Sensorion has built a unique R&D technology platform to expand its understanding of the pathophysiology and etiology of inner ear related diseases enabling it to select the best targets and modalities for drug candidates.
The Company is also working on the identification of biomarkers to improve diagnosis of these underserved illnesses. Sensorion has launched in the second half of 2019 two preclinical gene therapy programs aiming at correcting hereditary monogenic forms of deafness including Usher Type 1 and deafness caused by a mutation of the gene encoding for Otoferlin.
The Company is uniquely placed through its platforms and pipeline of potential therapeutics to make a lasting positive impact on hundreds of thousands of people with inner ear related disorders; a significant global unmet medical need.
The Engineer Process Development will join the CMC Gene Therapy Department at Sensorion, specialized in the development of analytical methods and production processes of Gene Therapy products.

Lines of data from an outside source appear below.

lemma contract_first_hdecomp:
  assumes "\<forall>i<r. length (us i) = Suc m"
  shows "contract_first a b d m (\<lambda>is. \<Sum>i<r. of_real (lam i) * hprod (us i) is)
    = (\<lambda>is. \<Sum>i<r. of_real (lam i * herm_form a b d (hd (us i))) * hprod (tl (us i)) is)"
proof -
  have "contract_first a b d m (hprod (us i))
      = (\<lambda>is. of_real (herm_form a b d (hd (us i))) * hprod (tl (us i)) is)" if "i < r" for i
    using contract_first_hprod[of "tl (us i)" m a b d "hd (us i)"] assms that
    by (cases "us i") auto
  then show ?thesis
    by (auto simp: contract_first_sum intro!: ext sum.cong)
qed

lemma has_hdecomp_contract_first:
  assumes "has_hdecomp (Suc m) H r" and "2 \<le> r"
  shows "\<exists>a b d. b \<noteq> 0 \<and> has_hdecomp m (contract_first a b d m H) (r - 2)"
proof -
  obtain lam us where len: "\<forall>i<r. length (us i) = Suc m"
    and H: "H = (\<lambda>is. \<Sum>i<r. of_real (lam i) * hprod (us i) is)"
    using assms(1) unfolding has_hdecomp_def by blast
  obtain n where r: "r = Suc (Suc n)"
    using assms(2) by (metis add_2_eq_Suc le_Suc_ex)
  obtain a b d where "b \<noteq> 0"
    and zeros: "herm_form a b d (hd (us n)) = 0" "herm_form a b d (hd (us (Suc n))) = 0"
    using ex_herm_form_vanishing_at_two by blast
  define lam' where "lam' i = lam i * herm_form a b d (hd (us i))" for i
  have "contract_first a b d m H = (\<lambda>is. \<Sum>i<r. of_real (lam' i) * hprod (tl (us i)) is)"
    unfolding H lam'_def using len by (rule contract_first_hdecomp)
  also have "\<dots> = (\<lambda>is. \<Sum>i<n. of_real (lam' i) * hprod (tl (us i)) is)"
    using zeros by (simp add: r lam'_def)
  finally have "contract_first a b d m H = (\<lambda>is. \<Sum>i<n. of_real (lam' i) * hprod (tl (us i)) is)" .
  moreover have "\<forall>i<n. length (tl (us i)) = m"
    using len by (simp add: r)
  ultimately have "has_hdecomp m (contract_first a b d m H) (r - 2)"
    unfolding has_hdecomp_def r by (intro exI[of _ lam'] exI[of _ "\<lambda>i. tl (us i)"]) simp
  with \<open>b \<noteq> 0\<close> show ?thesis
    by blast
qed

text \<open>
  A single term \<open>\<lambda> T \<otimes> cnj T\<close> with zero \<open>(I, I)\<close>-entry \<open>\<lambda> |T\<^sub>I|\<^sup>2\<close> has zero
  \<open>(I, J)\<close>-entry.
\<close>

lemma has_hdecomp_EIJ_two_le:
  assumes "1 \<le> m" and "c \<noteq> 0" and "has_hdecomp m (EIJ m c) r"
  shows "2 \<le> r"
proof (rule ccontr)
  assume "\<not> 2 \<le> r"
  then consider "r = 0" | "r = 1"
    by linarith
  then show False
  proof cases
    case 1
    with assms(3) have "EIJ m c = (\<lambda>_. 0)"
      by (simp add: has_hdecomp_def)
    moreover have "EIJ m c (replicate m 1 @ replicate m 2) = c"
      by (simp add: EIJ_def)
    ultimately show False
      using assms(2) by simp
  next
    case 2
    then obtain lam U where "length U = m"
      and dec: "EIJ m c = (\<lambda>is. of_real lam * hprod U is)"
      using assms(3) by (auto simp: has_hdecomp_def)
    define I J where "I = replicate m (1::2)" and "J = replicate m (2::2)"
    have "I \<noteq> J"
      using assms(1) by (cases m) (auto simp: I_def J_def)
    have "of_real lam * (tprod U I * cnj (tprod U I)) = 0"
      using fun_cong[OF dec, of "I @ I"] \<open>length U = m\<close> \<open>I \<noteq> J\<close>
      by (simp add: EIJ_append hprod_append I_def J_def)
    moreover have "of_real lam * (tprod U I * cnj (tprod U J)) = c"
      using fun_cong[OF dec, of "I @ J"] \<open>length U = m\<close>
      by (simp add: EIJ_append hprod_append I_def J_def)
    ultimately show False
      using assms(2) by auto
  qed
qed

lemma has_hdecomp_EIJ_double_le:
  assumes "1 \<le> m" and "c \<noteq> 0" and "has_hdecomp m (EIJ m c) r"
  shows "2 * m \<le> r"
  using assms
proof (induction m arbitrary: c r rule: nat_induct_at_least)
  case base
  then show ?case
    using has_hdecomp_EIJ_two_le[of 1 c r] by simp
next
  case (Suc m)
  have "2 \<le> r"
    using has_hdecomp_EIJ_two_le[of "Suc m" c r] Suc.prems by simp
  then obtain a b d where "b \<noteq> 0"
    and "has_hdecomp m (contract_first a b d m (EIJ (Suc m) c)) (r - 2)"
    using has_hdecomp_contract_first Suc.prems(2) by blast
  then have "has_hdecomp m (EIJ m (b * c)) (r - 2)"
    using contract_first_EIJ Suc.hyps by simp
  then have "2 * m \<le> r - 2"
    using Suc.IH[of "b * c" "r - 2"] \<open>b \<noteq> 0\<close> Suc.prems(1) by simp
  then show ?case
    using \<open>2 \<le> r\<close> by simp
qed

lemma hrank_EIJ:
  assumes "1 \<le> m" and "c \<noteq> 0"
  shows "hrank m (EIJ m c) = 2 * m"
  unfolding hrank_eq_Least
proof (rule Least_equality)
  show "has_hdecomp m (EIJ m c) (2 * m)"
    unfolding has_hdecomp_def
    using EIJ_alternating_decomposition[OF assms(1)] length_hfactors[OF assms(1)]
    by (intro exI[of _ "\<lambda>i. (-1) ^ i / (2 * real m)"]
        exI[of _ "\<lambda>i. hfactors c m (cis (pi / m) ^ i)"]) simp
  show "2 * m \<le> r" if "has_hdecomp m (EIJ m c) r" for r
    using has_hdecomp_EIJ_double_le assms that by blast
qed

The Engineer Process Development will play a key role in the implementation and establishment of cell-based process for AAV production in suspension by transient transfection, under the supervision of the Head of CMC Gene Therapy, in compliance with quality procedures, health and safety rules, budget and deadlines.
The Engineer Process Development USP/DSP is a permanent position based in Montpellier.

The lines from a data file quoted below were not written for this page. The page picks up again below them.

lemma ln_two_sinh_div_powr_six_fifths_less:
  fixes x :: real assumes "0 < x"
  shows "ln (2 * (sinh x / x) powr (6/5) - 1) < 3/5 * ln (sinh x / x * cosh x)"
proof -
  define W where "W = (\<lambda>y::real. exp (6/5 * (ln (sinh y) - ln y)))"
  have W_eq: "W y = (sinh y / y) powr (6/5)" if "0 < y" for y
    using that by (simp add: W_def powr_def ln_div)
  have "0 < 3/5 * (ln (cosh x) + ln (sinh x) - ln x) - ln (2 * W x - 1)"
  proof (rule pos_if_deriv_pos_and_tendsto_0_at_right[OF _ _ _ assms])
    fix y :: real assume "0 < y"
    define S C where "S = sinh y" and "C = cosh y"
    have "0 < S" "0 < C" "C\<^sup>2 = S\<^sup>2 + 1"
      using \<open>0 < y\<close> cosh_square_eq[of y] by (simp_all add: S_def C_def)
    have W_ge: "(6 * S - y) / (5 * y) \<le> W y" and "1 < W y"
      using sinh_div_powr_six_fifths_ge[OF \<open>0 < y\<close>] W_eq[OF \<open>0 < y\<close>] by (simp_all add: S_def)
    have "0 < 2 * W y - 1"
      using \<open>1 < W y\<close> by simp
    then have "((\<lambda>x. 3/5 * (ln (cosh x) + ln (sinh x) - ln x) - ln (2 * W x - 1)) has_real_derivative
        3/5 * (S / C + C / S - 1 / y) - 2 * W y * (6/5 * (C / S - 1 / y)) / (2 * W y - 1)) (at y)"
      using \<open>0 < y\<close> unfolding W_def S_def C_def
      by (auto intro!: derivative_eq_intros simp: field_simps)
    moreover have "3/5 * (S / C + C / S - 1 / y) - 2 * W y * (6/5 * (C / S - 1 / y)) / (2 * W y - 1)
        = 3/5 * ((2 * W y * (S * C - y) - (y * (S\<^sup>2 + C\<^sup>2) - S * C)) / (y * S * C * (2 * W y - 1)))"
      using \<open>0 < y\<close> \<open>0 < S\<close> \<open>0 < C\<close> \<open>1 < W y\<close>
      by (simp add: field_simps power2_eq_square) (use \<open>C\<^sup>2 = S\<^sup>2 + 1\<close> in algebra)
    ultimately show "((\<lambda>x. 3/5 * (ln (cosh x) + ln (sinh x) - ln x) - ln (2 * W x - 1))
        has_real_derivative 3/5 * ((2 * W y * (S * C - y) - (y * (S\<^sup>2 + C\<^sup>2) - S * C))
          / (y * S * C * (2 * W y - 1)))) (at y)"
      by simp
    have "y * (S\<^sup>2 + C\<^sup>2) - S * C < 2 * W y * (S * C - y)"
      using three_fifths_numerator_pos[OF \<open>0 < y\<close> W_ge[unfolded S_def]] by (simp add: S_def C_def)
    then show "0 < 3/5 * ((2 * W y * (S * C - y) - (y * (S\<^sup>2 + C\<^sup>2) - S * C))
          / (y * S * C * (2 * W y - 1)))"
      using \<open>0 < y\<close> \<open>0 < S\<close> \<open>0 < C\<close> \<open>1 < W y\<close> by (simp add: zero_less_divide_iff)
  next
    show "((\<lambda>x. 3/5 * (ln (cosh x) + ln (sinh x) - ln x) - ln (2 * W x - 1)) \<longlongrightarrow> 0) (at_right 0)"
      unfolding W_def by real_asymp
  qed
  then show ?thesis
    using assms by (simp add: W_eq ln_mult ln_div algebra_simps)
qed

lemma sinh_div_three_fifths_bound:
  fixes x :: real assumes "0 < x"
  shows "2 * (sinh x / x) powr (3/5) - 1 / (sinh x / x) powr (3/5) < cosh x powr (3/5)"
proof -
  define u where "u = (sinh x / x) powr (3/5)"
  have "1 < u"
    using less_sinh_real[OF assms] assms by (simp add: u_def)
  then have "1 < u\<^sup>2"
    by (simp add: one_less_power)
  have "(sinh x / x) powr (6/5) = u\<^sup>2"
    by (simp add: u_def power2_eq_square flip: powr_add)
  then have "ln (2 * u\<^sup>2 - 1) < ln ((sinh x / x * cosh x) powr (3/5))"
    using ln_two_sinh_div_powr_six_fifths_less[OF assms] assms by (simp add: ln_powr)
  moreover have "0 < 2 * u\<^sup>2 - 1"
    using \<open>1 < u\<^sup>2\<close> by simp
  moreover have "0 < (sinh x / x * cosh x) powr (3/5)"
    using assms by simp
  ultimately have "2 * u\<^sup>2 - 1 < (sinh x / x * cosh x) powr (3/5)"
    by (metis ln_less_cancel_iff)
  also have "\<dots> = u * cosh x powr (3/5)"
    unfolding u_def by (rule powr_mult)
  finally have "2 * u\<^sup>2 - 1 < u * cosh x powr (3/5)" .
  then show ?thesis
    using \<open>1 < u\<close> by (simp add: u_def[symmetric] field_simps power2_eq_square)
qed

lemma sinh_div_less_H_of_ge:
  fixes b x :: real assumes "3/5 \<le> b" and "0 < x"
  shows "sinh x / x < H b (cosh x)"
proof -
  define s where "s = sinh x / x"
  define u where "u = s powr (3/5)"
  have "1 < s"
    using less_sinh_real[OF \<open>0 < x\<close>] \<open>0 < x\<close> by (simp add: s_def)
  then have "1 \<le> u"
    by (simp add: u_def ge_one_powr_ge_zero)
  then have "1 / u \<le> 1"
    by simp
  with \<open>1 \<le> u\<close> have "1 \<le> 2 * u - 1 / u"
    by linarith
  have "2 * s powr b - 1 / s powr b = 2 * u powr (5/3 * b) - 1 / u powr (5/3 * b)"
    by (simp add: u_def powr_powr)
  also have "\<dots> \<le> (2 * u - 1 / u) powr (5/3 * b)"
    using \<open>1 \<le> u\<close> \<open>3/5 \<le> b\<close> by (intro two_sub_inverse_powr_le) auto
  also have "\<dots> < (cosh x powr (3/5)) powr (5/3 * b)"
    using sinh_div_three_fifths_bound[OF \<open>0 < x\<close>] \<open>1 \<le> 2 * u - 1 / u\<close> \<open>3/5 \<le> b\<close>
    by (intro powr_less_mono2) (auto simp: u_def s_def)
  also have "\<dots> = cosh x powr b"
    by (simp add: powr_powr)
  finally show ?thesis
    using less_H_iff[of b s "cosh x"] \<open>1 < s\<close> \<open>3/5 \<le> b\<close> by (simp add: s_def)
qed

section \<open>Sharpness of the bounds\<close>

lemma exists_not_H_less_sinh_div:
  fixes a :: real assumes "0 < a"
  shows "\<exists>x>0. \<not> H a (cosh x) < sinh x / x"
proof -
  define x where "x = 2 powr (1/a) + 1"
  define s where "s = sinh x / x"
  have "0 < x" "0 < s"
    by (simp_all add: x_def s_def add_pos_pos)
  have "2 powr (1/a) * s \<le> sinh x"
    using \<open>0 < x\<close> by (simp add: s_def x_def field_simps)
  also have "\<dots> < cosh x"
    by (rule sinh_less_cosh_real)
  finally have "(2 powr (1/a) * s) powr a \<le> cosh x powr a"
    using \<open>0 < a\<close> \<open>0 < s\<close> by (intro powr_mono2) auto
  then have "2 * s powr a \<le> cosh x powr a"
    using \<open>0 < a\<close> by (simp add: powr_mult powr_powr)
  moreover have "0 < 1 / s powr a"
    using \<open>0 < s\<close> by simp
  ultimately have "2 * s powr a - 1 / s powr a < cosh x powr a"
    by linarith
  then have "s < H a (cosh x)"
    using less_H_iff[OF \<open>0 < a\<close> \<open>0 < s\<close>] by simp
  then show ?thesis
    using \<open>0 < x\<close> by (auto simp: s_def)
qed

- Development and implementation of appropriate USP and DSP processes for AAV vector;
- Design, organize, execute or supervise experiments, manage data, lab-books, batch records;
- Write study protocols and reports, present data internally;
- Write or supervise SOP;
- Train and technically supervise junior members;
- Manage projects to improve the efficiency and productivity of the department;
- Participate in the tech transfer from R&D to GMP environment, review GMP documentation;
- Participate in the drafting of patents, publications, conferences;
- Participate in the general operation of the laboratory: purchasing, management, setup & installation of CMC GT laboratory, health & safety, in the quality assurance system.

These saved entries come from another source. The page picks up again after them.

lemma tau_inequality_from_transport_bound:
  fixes M :: "'a::euclidean_space measure" and q \<phi> :: "'a \<Rightarrow> real"
  assumes P: "prob_space M" and sb: "sets M = sets borel"
    and cv: "convex_on UNIV \<phi>" and c0: "\<And>y. c0 \<le> \<phi> y"
    and qm: "q \<in> borel_measurable borel"
    and K: "AE x in M. x \<in> K" "x0 \<in> K" "\<And>x y. x \<in> K \<Longrightarrow> y \<in> K \<Longrightarrow> norm (x - y) \<le> D"
    and transport: "\<And>x b t. x \<in> K \<Longrightarrow> (\<And>y. y \<in> K \<Longrightarrow> norm (y - b) \<le> D) \<Longrightarrow> 0 \<le> t \<Longrightarrow> t \<le> 1
      \<Longrightarrow> q x \<le> (1 - t) * \<phi> x + t * \<phi> b + t\<^sup>2 / 4"
  shows "(\<integral>\<^sup>+ x. ennreal (exp (q x)) \<partial>M) * (\<integral>\<^sup>+ x. ennreal (exp (- \<phi> x)) \<partial>M) \<le> 1"
proof -
  interpret prob_space M by (rule P)
  have meas: "borel_measurable M = borel_measurable borel"
    by (rule measurable_cong_sets[OF sb refl])
  have "q x \<le> \<phi> x0 + 1 / 4" if "x \<in> K" for x
    using transport[of x x0 1] that K(2,3) by (simp add: norm_minus_commute)
  hence "AE x in M. norm (exp (q x)) \<le> exp (\<phi> x0 + 1 / 4)"
    using K(1) by (auto elim!: eventually_mono)
  hence ieq: "integrable M (\<lambda>x. exp (q x))"
    using qm unfolding meas[symmetric] by (intro integrable_const_bound) auto
  have "\<phi> \<in> borel_measurable M"
    unfolding meas using convex_on_continuous[OF open_UNIV cv]
    by (rule borel_measurable_continuous_onI)
  hence ie\<phi>: "integrable M (\<lambda>x. exp (- \<phi> x))"
    using c0 by (intro integrable_const_bound[where B="exp (- c0)"]) auto
  define F where "F = integral\<^sup>L M (\<lambda>x. exp (q x))"
  define Z where "Z = integral\<^sup>L M (\<lambda>x. exp (- \<phi> x))"
  have "0 < F" unfolding F_def using ieq by (intro expectation_greater) auto
  have "0 < Z" unfolding Z_def using ie\<phi> by (intro expectation_greater) auto
  have "ln F + ln Z \<le> 0"
    using entropy_transport_log_bound[OF P sb cv c0 K transport ieq ie\<phi>
        F_def \<open>0 < F\<close> Z_def \<open>0 < Z\<close>] .
  hence "ln (F * Z) \<le> 0" using \<open>0 < F\<close> \<open>0 < Z\<close> by (simp add: ln_mult)
  hence "F * Z \<le> 1" using \<open>0 < F\<close> \<open>0 < Z\<close> by simp
  moreover have "(\<integral>\<^sup>+ x. ennreal (exp (q x)) \<partial>M) = F" "(\<integral>\<^sup>+ x. ennreal (exp (- \<phi> x)) \<partial>M) = Z"
    unfolding F_def Z_def using ieq ie\<phi> by (simp_all add: nn_integral_eq_integral)
  ultimately show ?thesis using \<open>0 < F\<close> \<open>0 < Z\<close> by (simp flip: ennreal_mult)
qed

- Educational background in biology biotechnology, biochemical engineering or related (MSc or PhD);
- A minimum of 3-5 years of industrial experience (from R&D to GMP environment);
- Practical experience with cell culture in bioreactor, viral purification by chromatography on AKTA platform system;
- Rigorous, autonomous, motivated, organization skills;
- Ability to work within a team and project group;
- Notion of GLP and QA system;
- Good written and spoken in French and English.